Chromosome 18 Ring: A rare chromosomal disorder where genetic material from one or both ends of chromosome 18 is missing and the two broken ends have rejoined to form a ring. The resulting type and severity of symptoms is determined by the amount and location of genetic material missing.

Symptoms

In most individuals, ring 18 changes the way the brain develops and works. 

Infants, toddlers, and young children with ring 18 may develop more slowly than those without ring 18.  For example, it may take a little longer for them to roll over, sit, crawl, and walk.  It may also take longer for them to reach for and grab toys, hold a bottle, and to feed themselves. Language skills also develop later than their peers.  Almost all children with ring 18 will require some type of therapy, such as speech, occupational, or physical therapy.

People with ring 18 usually have some cognitive disability, though the degree of impairment varies among individuals. Again, it is important to remember that every person with ring 18 is different.  Some may be more severely affected than others.  At this time, we cannot predict exactly how ring 18 will affect a child’s development. 

Some people with ring 18 have a condition called holoprosencephaly.  Holoprosencephaly is a type of birth defect in which the brain fails to divide into two separate halves during early embryonic development.  This term includes a wide range of severity.  In some babies, this condition is so severe that they do not survive in the womb or they may die shortly after birth.

Vision problems are often found in people with ring 18.  Strabismus is fairly common in people with ring 18.  Strabismus occurs when the movements of the eyes are not coordinated with one another.  This is frequently referred to as being “cross-eyed”. Sometimes, people with ring 18 have nystagmus, or involuntary eye movements.  Near-sightedness and far-sightedness also happen fairly frequently in people with ring 18.
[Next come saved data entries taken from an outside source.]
(* Let $M$ be a magma satisfying $(xy)z = xx$, $x(yz) = xx$ and $xy = yx$ for all $x,y,z\in M$. Then $M$ satisfies $xy = zu$ for all $x,y,z,u\in M$ if and only if $M$ avoids the magma $Q$ on $\{0,1,2,3\}$ with Cayley table \[ \begin{array}{c|cccc} Q & 0 & 1 & 2 & 3 \\ \hline 0 & 0 & 0 & 0 & 0 \\ 1 & 0 & 0 & 3 & 0 \\ 2 & 0 & 3 & 0 & 0 \\ 3 & 0 & 0 & 0 & 0 \end{array}. \]
   Context: A magma is a nonempty set with a binary operation, written by juxtaposition. A magma $M$ avoids a magma $F$ if no submagma of $M$ is isomorphic to $F$. *)

theory Defs
  imports Main
begin

text \<open>A magma is modelled as a type 'a (nonempty) with a binary operation on all of it.
  A finite magma given by a table is a carrier set A together with an operation on A.\<close>

definition submagma :: "('a \<Rightarrow> 'a \<Rightarrow> 'a) \<Rightarrow> 'a set \<Rightarrow> bool" where
  "submagma mult S \<longleftrightarrow> S \<noteq> {} \<and> (\<forall>x\<in>S. \<forall>y\<in>S. mult x y \<in> S)"

definition magma_iso :: "'b set \<Rightarrow> ('b \<Rightarrow> 'b \<Rightarrow> 'b) \<Rightarrow> 'a set \<Rightarrow> ('a \<Rightarrow> 'a \<Rightarrow> 'a) \<Rightarrow> bool" where
  "magma_iso A opA S opS \<longleftrightarrow>
     (\<exists>f. bij_betw f A S \<and> (\<forall>x\<in>A. \<forall>y\<in>A. f (opA x y) = opS (f x) (f y)))"

definition avoids :: "('a \<Rightarrow> 'a \<Rightarrow> 'a) \<Rightarrow> 'b set \<Rightarrow> ('b \<Rightarrow> 'b \<Rightarrow> 'b) \<Rightarrow> bool" where
  "avoids mult A opA \<longleftrightarrow> \<not> (\<exists>S. submagma mult S \<and> magma_iso A opA S mult)"

definition Q_carrier :: "nat set" where
  "Q_carrier = {0, 1, 2, 3}"

definition Q_op :: "nat \<Rightarrow> nat \<Rightarrow> nat" where
  "Q_op x y = (if (x = 1 \<and> y = 2) \<or> (x = 2 \<and> y = 1) then 3 else 0)"

end

theory Submission
  imports Defs
begin

text \<open>A constant magma cannot contain a copy of the non-constant magma Q. Conversely, the
  three identities force all squares to coincide in one absorbing element 0, and all products
  of three factors to equal 0; so if some product ab differs from 0, then 0, a, b, ab multiply
  exactly like 0, 1, 2, 3 in Q.\<close>

lemma avoids_if_constant:
  fixes mult :: "'a \<Rightarrow> 'a \<Rightarrow> 'a" and opA :: "'b \<Rightarrow> 'b \<Rightarrow> 'b"
  assumes const: "\<forall>x y z u. mult x y = mult z u"
    and closed: "\<forall>x\<in>A. \<forall>y\<in>A. opA x y \<in> A"
    and mem: "x \<in> A" "y \<in> A" "z \<in> A" "u \<in> A"
    and nonconstant: "opA x y \<noteq> opA z u"
  shows "avoids mult A opA"
  unfolding avoids_def magma_iso_def
proof clarify
  fix S f
  assume bij: "bij_betw f A S"
    and hom: "\<forall>x\<in>A. \<forall>y\<in>A. f (opA x y) = mult (f x) (f y)"
  have "f (opA x y) = f (opA z u)"
    using hom const mem by metis
  moreover have "inj_on f A"
    using bij by (rule bij_betw_imp_inj_on)
  ultimately show False
    using closed mem nonconstant by (meson inj_onD)
qed

lemma not_avoids_if_embedding:
  fixes mult :: "'a \<Rightarrow> 'a \<Rightarrow> 'a" and opA :: "'b \<Rightarrow> 'b \<Rightarrow> 'b"
  assumes "A \<noteq> {}"
    and closed: "\<forall>x\<in>A. \<forall>y\<in>A. opA x y \<in> A"
    and "inj_on f A"
    and hom: "\<forall>x\<in>A. \<forall>y\<in>A. f (opA x y) = mult (f x) (f y)"
  shows "\<not> avoids mult A opA"
proof -
  have "submagma mult (f ` A)"
    unfolding submagma_def using \<open>A \<noteq> {}\<close> closed hom by (auto simp: image_iff) metis
  moreover have "magma_iso A opA (f ` A) mult"
    unfolding magma_iso_def using \<open>inj_on f A\<close> hom by (auto intro: bij_betw_imageI)
  ultimately show ?thesis
    unfolding avoids_def by blast
qed

lemma Q_op_closed: "\<forall>x\<in>Q_carrier. \<forall>y\<in>Q_carrier. Q_op x y \<in> Q_carrier"
  by (simp add: Q_carrier_def Q_op_def)

lemma not_avoids_Q_if_Q_table:
  fixes mult :: "'a \<Rightarrow> 'a \<Rightarrow> 'a"
  assumes "\<And>x. mult z x = z" "\<And>x. mult x z = z"
    and "mult a a = z" "mult b b = z" "mult c c = z"
    and "mult a b = c" "mult b a = c"
    and "mult a c = z" "mult c a = z" "mult b c = z" "mult c b = z"
    and "c \<noteq> z"
  shows "\<not> avoids mult Q_carrier Q_op"
proof (rule not_avoids_if_embedding)
  have "distinct [z, a, b, c]"
    using assms by auto
  then show "inj_on (nth [z, a, b, c]) Q_carrier"
    by (rule inj_on_nth) (simp add: Q_carrier_def)
  show "\<forall>x\<in>Q_carrier. \<forall>y\<in>Q_carrier.
      [z, a, b, c] ! Q_op x y = mult ([z, a, b, c] ! x) ([z, a, b, c] ! y)"
    using assms by (simp add: Q_carrier_def Q_op_def)
qed (use Q_op_closed in \<open>simp_all add: Q_carrier_def\<close>)

locale flat_comm_magma =
  fixes mult :: "'a \<Rightarrow> 'a \<Rightarrow> 'a"
  assumes mult_left_flat: "\<And>x y z. mult (mult x y) z = mult x x"
    and mult_right_flat: "\<And>x y z. mult x (mult y z) = mult x x"
    and mult_commute: "\<And>x y. mult x y = mult y x"
begin

lemma square_eq: "mult x x = mult y y"
  by (metis mult_left_flat mult_commute)

lemma not_avoids_Q_if_product_neq_square:
  assumes "mult a b \<noteq> mult a a"
  shows "\<not> avoids mult Q_carrier Q_op"
proof (rule not_avoids_Q_if_Q_table[where a = a and b = b and c = "mult a b"])
  show "mult (mult a a) x = mult a a" for x
    by (rule mult_left_flat)
  show "mult x (mult a a) = mult a a" for x
    using mult_right_flat square_eq by metis
qed (use assms mult_left_flat mult_right_flat mult_commute square_eq in metis)+

end

theorem mainTheorem4:
  fixes mult :: "'a \<Rightarrow> 'a \<Rightarrow> 'a"
  assumes "\<forall>x y z. mult (mult x y) z = mult x x"
    and "\<forall>x y z. mult x (mult y z) = mult x x"
    and "\<forall>x y. mult x y = mult y x"
  shows "(\<forall>x y z u. mult x y = mult z u) \<longleftrightarrow> avoids mult Q_carrier Q_op"
proof
  assume "\<forall>x y z u. mult x y = mult z u"
  then show "avoids mult Q_carrier Q_op"
    by (rule avoids_if_constant[where x = 1 and y = 2 and z = 0 and u = 0, OF _ Q_op_closed])
      (simp_all add: Q_carrier_def Q_op_def)
next
  interpret flat_comm_magma mult
    using assms by unfold_locales blast+
  assume avoids_Q: "avoids mult Q_carrier Q_op"
  have "mult x y = mult x x" for x y
    using not_avoids_Q_if_product_neq_square avoids_Q by blast
  then show "\<forall>x y z u. mult x y = mult z u"
    using square_eq by metis
qed

end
For more information refer to chromosome 18 registry and research society. 

Causes

Chromosome 18 Ring is usually caused by spontaneous (de novo) errors very early in the development of the embryo that appear to occur randomly for unknown reasons (sporadically).

Diagnosis

The signs and symptom information on this page attempts to provide a list of some possible signs and symptoms of Chromosome 18 Ring. This medical information about signs and symptoms for Chromosome 18 Ring has been gathered from various sources, may not be fully accurate, and may not be the full list of Chromosome 18 Ring signs or Chromosome 18 Ring symptoms. Furthermore, signs and symptoms of Chromosome 18 Ring may vary on an individual basis for each patient. Only your doctor can provide adequate diagnosis of any signs or symptoms and whether they are indeed Chromosome 18 Ring symptoms.

Prognosis

 In general, if a person with Ring 18 is in good health with no major birth defects, there is no reason that they should not live to adulthood.  In fact, within the Chromosome 18 Clinical Research Center, three out of the 25 study participants are over 18 years old.  However, there have been at least two instances of premature death in a person with Ring 18.  One child passed away at 4½ years due to lung failure.  Unfortunately, no additional medical records are available for this individual.  There was another young participant who died at 5 years old.  Although the official cause of death is unknown, this child had a history of hydrocephalus and heart problems as well as breathing difficulties, all of which may have contributed to his death.  It is important to remember that early death in this population is the exception rather than the rule.